I am not doing exactly what you ask Doug, but I do have a slightly modified strategy since the PP isn't the safest portfolio approach possible ;-> The PP is very good and it uses two tricks well: truly broad diversification, and recognizing the value of physical gold.

There are some other tricks available for building portfolios though, one for defense and one for offense. First is defensive market timing, it is trivial to improve on the risk-adjusted returns of stocks with almost any mechanical system that involves selling when a market is hinky and buying when its headed up. The second is to go on offense and bring more money into the portfolio, but employ less capital. This is the Taleb / Swedroe / risk-parity approach that says basically "more potent assets can make a portfolio safer than a portfolio that lacks those assets."
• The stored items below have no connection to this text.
lemma Qop_profile_fun_add:
  assumes G1': "\<And>s. (G1 has_real_derivative G1' s) (at s)"
    and G2': "\<And>s. (G2 has_real_derivative G2' s) (at s)"
    and v: "v \<noteq> 0" and z: "z > 0"
  shows "Qop (\<lambda>u v z. profile_fun p1 q1 G1 u v z + profile_fun p2 q2 G2 u v z) u v z
    = ((p1/3 - q1) * profile_fun p1 q1 G1 u v z + (p2/3 - q2) * profile_fun p2 q2 G2 u v z) / z"
proof -
  have differentiable: "(\<lambda>x. profile_fun p q G x v z) field_differentiable at u
      \<and> (\<lambda>y. profile_fun p q G u y z) field_differentiable at v
      \<and> (\<lambda>w. profile_fun p q G u v w) field_differentiable at z"
    if "\<And>s. (G has_real_derivative G' s) (at s)" for p q G G'
    unfolding field_differentiable_def
    using profile_fun_has_derivative_u[OF that v] profile_fun_has_derivative_v[OF that v]
      profile_fun_has_derivative_z[OF that z] by blast
  have "Qop (\<lambda>u v z. profile_fun p1 q1 G1 u v z + profile_fun p2 q2 G2 u v z) u v z
      = Qop (profile_fun p1 q1 G1) u v z + Qop (profile_fun p2 q2 G2) u v z"
    using differentiable[OF G1'] differentiable[OF G2'] by (intro Qop_add) auto
  then show ?thesis
    by (simp add: Qop_profile_fun[OF G1' v z] Qop_profile_fun[OF G2' v z] add_divide_distrib)
qed

lemma profile_fun_bounded_on_cone:
  assumes C: "C > 0" and G: "continuous_on {-C..1/C} G"
  shows "\<exists>M. \<forall>u v z. - C * \<bar>v\<bar> \<le> u \<longrightarrow> u \<le> \<bar>v\<bar> / C \<longrightarrow>
    \<bar>profile_fun p q G u v z\<bar> \<le> M * \<bar>v\<bar> powr p * z powr q"
proof -
  have "bounded (G ` {-C..1/C})"
    using G by (intro compact_imp_bounded compact_continuous_image compact_Icc)
  then obtain M where M: "\<And>s. s \<in> {-C..1/C} \<Longrightarrow> \<bar>G s\<bar> \<le> M"
    unfolding bounded_real by blast
  show ?thesis
  proof (intro exI[of _ M] allI impI)
    fix u v z :: real
    assume "- C * \<bar>v\<bar> \<le> u" "u \<le> \<bar>v\<bar> / C"
    then have "u / \<bar>v\<bar> \<in> {-C..1/C}"
      using C by (cases "v = 0") (auto simp: field_simps)
    then have "\<bar>v\<bar> powr p * z powr q * \<bar>G (u / \<bar>v\<bar>)\<bar> \<le> \<bar>v\<bar> powr p * z powr q * M"
      using M by (intro mult_left_mono) auto
    then show "\<bar>profile_fun p q G u v z\<bar> \<le> M * \<bar>v\<bar> powr p * z powr q"
      by (simp add: profile_fun_def abs_mult mult_ac)
  qed
qed

section \<open>The profile of \<open>\<phi>\<^sub>1\<close>\<close>

definition angular_factor :: "real \<Rightarrow> real \<Rightarrow> real \<Rightarrow> real \<Rightarrow> real" where
  "angular_factor C a b s = 1 / (C powr (-2) + 1) powr (b/2)
     + b / (2*C) * (LBINT t = s..1/C. (t^2 + 1) powr ((a - b - 1)/2))"

definition phi1_profile :: "real \<Rightarrow> real \<Rightarrow> real \<Rightarrow> real \<Rightarrow> real \<Rightarrow> real" where
  "phi1_profile C p a b s = (s^2 + 1) powr ((p + b)/2) * angular_factor C a b s"

definition phi1_profile' :: "real \<Rightarrow> real \<Rightarrow> real \<Rightarrow> real \<Rightarrow> real \<Rightarrow> real" where
  "phi1_profile' C p a b s = (p + b) * s * (s^2 + 1) powr ((p + b)/2 - 1) * angular_factor C a b s
     - b / (2*C) * (s^2 + 1) powr ((p + a - 1)/2)"

definition phi1_profile'' :: "real \<Rightarrow> real \<Rightarrow> real \<Rightarrow> real \<Rightarrow> real \<Rightarrow> real" where
  "phi1_profile'' C p a b s =
     (p + b) * ((p + b - 1) * s^2 + 1) * (s^2 + 1) powr ((p + b)/2 - 2) * angular_factor C a b s
     - b / (2*C) * (2*p + a + b - 1) * s * (s^2 + 1) powr ((p + a - 3)/2)"

definition phi1_diffusion :: "real \<Rightarrow> real \<Rightarrow> real \<Rightarrow> real \<Rightarrow> real \<Rightarrow> real \<Rightarrow> real \<Rightarrow> real" where
  "phi1_diffusion \<kappa>1 \<kappa>2 C p a b =
     diffusion_profile \<kappa>1 \<kappa>2 p (phi1_profile C p a b) (phi1_profile' C p a b) (phi1_profile'' C p a b)"

lemma angular_factor_has_derivative:
  "(angular_factor C a b has_real_derivative - (b / (2*C) * (s^2 + 1) powr ((a - b - 1)/2))) (at s)"
proof -
  have "continuous_on UNIV (\<lambda>t::real. (t^2 + 1) powr ((a - b - 1)/2))"
    by (intro continuous_intros) auto
  from has_real_derivative_LBINT_lower[OF this] show ?thesis
    unfolding angular_factor_def[abs_def] by (rule DERIV_cong[OF DERIV_add[OF DERIV_const DERIV_cmult]]) simp
qed

lemma phi1_profile_has_derivative:
  "(phi1_profile C p a b has_real_derivative phi1_profile' C p a b s) (at s)"
  unfolding phi1_profile_def[abs_def]
proof (rule DERIV_cong[OF DERIV_mult[OF has_real_derivative_sq_plus_one_powr angular_factor_has_derivative]])
  have "(s^2 + 1) powr ((p + b)/2) * (s^2 + 1) powr ((a - b - 1)/2) = (s^2 + 1) powr ((p + a - 1)/2)"
    by (rule sq_plus_one_powr_mult) (simp add: field_simps)
  then show "2 * ((p + b)/2) * s * (s^2 + 1) powr ((p + b)/2 - 1) * angular_factor C a b s
      + - (b / (2*C) * (s^2 + 1) powr ((a - b - 1)/2)) * (s^2 + 1) powr ((p + b)/2)
    = phi1_profile' C p a b s"
    by (simp add: phi1_profile'_def algebra_simps)
qed

lemma phi1_profile'_has_derivative:
  "(phi1_profile' C p a b has_real_derivative phi1_profile'' C p a b s) (at s)"
proof -
  define c where "c = b / (2*C)"
  have e1: "(s^2 + 1) powr ((p + b)/2 - 1) = (s^2 + 1) * (s^2 + 1) powr ((p + b)/2 - 2)"
    using sq_plus_one_powr_mult[of 1 "(p + b)/2 - 2" "(p + b)/2 - 1" s] by simp
  have "(s^2 + 1) powr ((a - b - 1)/2) * (s^2 + 1) powr ((p + b)/2 - 1) = (s^2 + 1) powr ((p + a - 3)/2)"
    by (rule sq_plus_one_powr_mult) (simp add: field_simps)
  then have e2: "(s^2 + 1) powr ((a - b - 1)/2) * (s * (s^2 + 1) powr ((p + b)/2 - 1))
      = s * (s^2 + 1) powr ((p + a - 3)/2)"
    by (simp add: mult.left_commute)
  have e3: "(p + b)/2 - 1 - 1 = (p + b)/2 - 2" "(p + a - 1)/2 - 1 = (p + a - 3)/2"
    by (simp_all add: field_simps)
  have d: "((\<lambda>s. s * (s^2 + 1) powr ((p + b)/2 - 1)) has_real_derivative
      ((p + b - 1) * s^2 + 1) * (s^2 + 1) powr ((p + b)/2 - 2)) (at s)"
    by (rule DERIV_cong[OF DERIV_mult[OF DERIV_ident has_real_derivative_sq_plus_one_powr]])
      (simp only: e1 e3, simp add: algebra_simps power2_eq_square)
  have "phi1_profile' C p a b = (\<lambda>s. (p + b) * (s * (s^2 + 1) powr ((p + b)/2 - 1) * angular_factor C a b s)
      - b / (2*C) * (s^2 + 1) powr ((p + a - 1)/2))"
    by (auto simp: phi1_profile'_def mult.assoc)
  then show ?thesis
    by (simp only:) (rule DERIV_cong[OF DERIV_diff[OF DERIV_cmult[OF DERIV_mult[OF d angular_factor_has_derivative]]
          DERIV_cmult[OF has_real_derivative_sq_plus_one_powr]]],
        simp only: mult_minus_left mult.assoc e2 e3 phi1_profile''_def c_def[symmetric], simp add: field_simps)
qed

lemma drift_profile_phi1_profile:
  assumes "b = alpha_h h * p - (1 - h) * q"
  shows "drift_profile h p q (phi1_profile C p a b) (phi1_profile' C p a b) s
     = - (b / (2*C) * (s^2 + 1) powr ((p + a + 1)/2))"
proof -
  have e1: "(s^2 + 1) powr ((p + b)/2) = (s^2 + 1) * (s^2 + 1) powr ((p + b)/2 - 1)"
    using sq_plus_one_powr_mult[of 1 "(p + b)/2 - 1"] by simp
  have e2: "(s^2 + 1) powr ((p + a + 1)/2) = (s^2 + 1) * (s^2 + 1) powr ((p + a - 1)/2)"
    using sq_plus_one_powr_mult[of 1 "(p + a - 1)/2" "(p + a + 1)/2" s] by (simp add: field_simps)
  have "p + alpha_h h * p - (1 - h) * q = p + b"
    using assms by simp
  then show ?thesis
    unfolding drift_profile_def phi1_profile_def phi1_profile'_def
    by (simp only: e1 e2) (simp add: algebra_simps add_divide_distrib)
qed

lemma angular_weight_bound:
  fixes t x a :: real
  assumes "0 < x" "0 \<le> a" "t \<le> x"
  shows "min 1 (sqrt (x^2 + 1) / 2) * t * (t^2 + 1) powr (-(1 + a)/2) \<le> x/2"
proof (cases "t \<le> 0")
  case True
  have "min 1 (sqrt (x^2 + 1) / 2) * t \<le> 0"
    using True by (intro mult_nonneg_nonpos) auto
  then have "min 1 (sqrt (x^2 + 1) / 2) * t * (t^2 + 1) powr (-(1 + a)/2) \<le> 0"
    by (simp add: mult_nonpos_nonneg)
  then show ?thesis
    using assms(1) by linarith
next
  case False
  define \<theta> where "\<theta> = min 1 (sqrt (x^2 + 1) / 2)"
  have "(t^2 + 1) powr (-(1 + a)/2) \<le> (t^2 + 1) powr (-1/2)"
    using assms(2) by (intro powr_mono) auto
  also have "\<dots> = 1 / sqrt (t^2 + 1)"
    by (simp add: powr_minus_divide powr_half_sqrt)
  finally have "t * (t^2 + 1) powr (-(1 + a)/2) \<le> t * (1 / sqrt (t^2 + 1))"
    using False by (intro mult_left_mono) auto
  also have "\<dots> = t / sqrt (t^2 + 1)"
    by simp
  also have "\<dots> \<le> x / sqrt (x^2 + 1)"
    using False assms(3) by (intro divide_sqrt_sq_plus_one_mono) auto
  finally have "\<theta> * (t * (t^2 + 1) powr (-(1 + a)/2)) \<le> \<theta> * (x / sqrt (x^2 + 1))"
    by (intro mult_left_mono) (auto simp: \<theta>_def)
  also have "\<dots> \<le> sqrt (x^2 + 1) / 2 * (x / sqrt (x^2 + 1))"
    using assms(1) by (intro mult_right_mono) (auto simp: \<theta>_def)
  also have "\<dots> = x/2"
    by simp
  finally show ?thesis
    by (simp add: \<theta>_def mult.assoc)
qed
I don't think it is very compelling to time in and out of cash, gold, or long bonds. The reasoning is that cash/bonds aren't all that volatile so there aren't that big of moves to catch. Gold does swing, but you never want to be without it especially when it is going through volatility ;-> The stock allocation on the other hand is ripe for improvement from my point of view. Let's talk about tilting first, this tilted portfolio is an objectively safer portfolio than the standard 4x25 based on two criteria:

1) Better historical drawdown
2) Lower chance of running out of money during retirement with 4%  draw over inflation

Portfolio Allocation: 30.4% GOLD , 25.7% LTGB , 14.0% ST Trsry , 18.4% SCV , 11.5% EM
Compound return = 12.00%    (4x25 comes in around 9.75%)
Worst year: 1994 -3.96%

This portfolio also uses less cash, which makes sense because cash doesn't do anything that great to counterbalance the other significant moving parts. Interestingly selling cash can make a portfolio safer.

As far as trend-following or market timing in equities; many people say loudly that it is impossible, at the very same time that others go right along making a living at this endeavor. I built an ETF trading system similar to the one outlined in this blog post, but mine is better :-)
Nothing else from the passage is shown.